Jacques Cousteau portrait stars Lambert Wilson, Pierre Niney, Audrey Tautou

MADRID — Starring Lambert Wilson (“Of Gods and Men”), Pierre Niney (“Yves Saint Laurent”) and Audrey Tautou (“Amelie), Jerome Salle’s Wild Bunch-sold “The Odyssey” will world premiere at San Sebastian, closing this year’s festival.

A film on the life of deep-sea explorer Jacques Cousteau, structured around his troubled relationship with his son, Philippe, “The Odyssey” charts not only Cousteau’s game-changing discovery of life at the bottom of the ocean, and near unique ability to communicate his excitement to others, but his halting understanding of the importance of his own family. Boasting a stellar French cast, six-time Cesar-nominated Lambert plays Cousteau, Tautou, star of multiple other French films such as “A Very Long Engagement,” limns his wife. Niney, regarded by many as the finest actor of his generation, portrays son Philippe.
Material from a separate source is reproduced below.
(* Let $\mathcal{D}$ be the arena of a $p$-periodic graph on $V$ and $k\ge 1$. Then $\mathcal{D}$ is $k$-copwin if and only if the maximum augmented $k$-arena $\mathcal{A}^k_{\max}$ contains a $k$-anchored $k$-star, i.e., there exist $t\in\mathbb{Z}_p$ and $U\in[V]^k$ such that $\Gamma_t(U,\mathcal{A}^k_{\max})=V$ and $(t,U)$ is $k$-anchored.
   Context: Let $V$ be a finite set and $p\ge 1$ an integer; $[t]_p$ denotes $t\bmod p$. A $p$-periodic graph is the sequence of directed graphs $G_t=(V,E_{[t]_p})$ with $E_0,\dots,E_{p-1}\subseteq V\times V$ (self-loops allowed), each sinkless. Its arena $\mathcal{D}$ is the directed graph on $\mathbb{Z}_p\times V$ with $((i,u),([i+1]_p,v))\in E(\mathcal{D})$ iff $(u,v)\in E_i$; $\Gamma_t(u,\mathcal{D})=\{v:((t,u),([t+1]_p,v))\in E(\mathcal{D})\}$. $[V]^k$ denotes the set of multisets of $k$ elements of $V$. Game with $k$ cops: first the cops choose a multiset $C\in[V]^k$ of positions, then the robber chooses $r\in V$. In each round $t$, with cops at $C=\langle c_1,\dots,c_k\rangle$ and robber at $r$, every cop $j$ must move to some $c_j'\in\Gamma_{[t]_p}(c_j,\mathcal{D})$; if some $c_j'=r$ the cops win; otherwise the robber must move to some $r'\in\Gamma_{[t]_p}(r,\mathcal{D})$ and the next round starts with cops at $\langle c_1',\dots,c_k'\rangle$ and robber at $r'$. A configuration $(t,C,r)$ ($t\in\mathbb{Z}_p$) is the state at the start of a round with index $\equiv t\pmod p$, cops to move; it is $k$-copwin if from it the cops can force capture in finitely many rounds against every robber strategy. $\mathcal{D}$ is $k$-copwin if there is $C\in[V]^k$ with $(0,C,r)$ $k$-copwin for all $r\in V$. A $k$-hyperedge is a triple $(t,X,y)$ with $t\in\mathbb{Z}_p$, $X\in[V]^k$, $y\in V$. The $k$-arena $\mathcal{D}^k$ is the set of $k$-hyperedges $(t,X,y)$ with $((t,x),([t+1]_p,y))\in E(\mathcal{D})$ for some $x\in X$. An augmented $k$-arena is a set $\mathcal{A}^k\supseteq\mathcal{D}^k$ of $k$-hyperedges such that each $(t,X,y)\in\mathcal{A}^k$ is a $k$-copwin configuration; $\mathcal{A}^k_{\max}$ is the maximum one (union of all augmented $k$-arenas). For a set $\mathcal{A}^k$ of $k$-hyperedges, $\Gamma_t(X,\mathcal{A}^k)=\{y\in V:(t,X,y)\in\mathcal{A}^k\}$. A pair $(t,U)$ with $U\in[V]^k$ is a $k$-star in $\mathcal{A}^k$ if $\Gamma_t(U,\mathcal{A}^k)=V$. It is $k$-anchored if, writing $U=\langle u_1,\dots,u_k\rangle$, there are an integer $T\ge 0$ with $T\equiv t\pmod p$ and $x_1,\dots,x_k\in V$ such that for each $j$ there is a directed walk of length exactly $T$ in $\mathcal{D}$ from $(0,x_j)$ to $(t,u_j)$. *)

theory Defs
  imports Main "HOL-Library.Multiset"
begin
A director of ambitious, big-canvas French movies, Salle’s latest movie, “Zulu,” toplining Orlando Bloom and Forest Whitaker, closed the Cannes Festival in 2013. Director of 2005 French original “Anthony Zimmer,” re-made as “The Tourist,” starring Johnny Depp and Angelina Jolie, Salle teamed with Wild Bunch on “Largo Winch” and its sequel, attempts at French issue-themed action-thrillers with an international reach in setting and sales.

“The Odyssey’s” closing slot world premiere heightens the presence of Wild Bunch at San Sebastian, a festival it has always supported and where Bertrand Bonello’s potentially explosive “Nocturama” already plays in competition this year.

Produced by Pan Europeenne and Fidelity Films, two of France’s strongest indie production houses, “The Odyssey” is budgeted at a reported €35 million ($38.9 million), making it one of France’s biggest productions of 2016.

“The Odyssey’s” closing night berth also continues a tradition of big French world premieres from big French companies closing San Sebastian, where, during the fest’s last day, a film can command considerable and almost exclusive press attention as well as play to an enthusiastic European audience.

Gaumont essayed this strategy, world premiering “The Untouchables” as San Sebastian’s closing movie in 2011. It went on to earn $426.5 million worldwide. “The Odyssey” will play out of competition after San Sebastian’s closing gala on Sept. 24.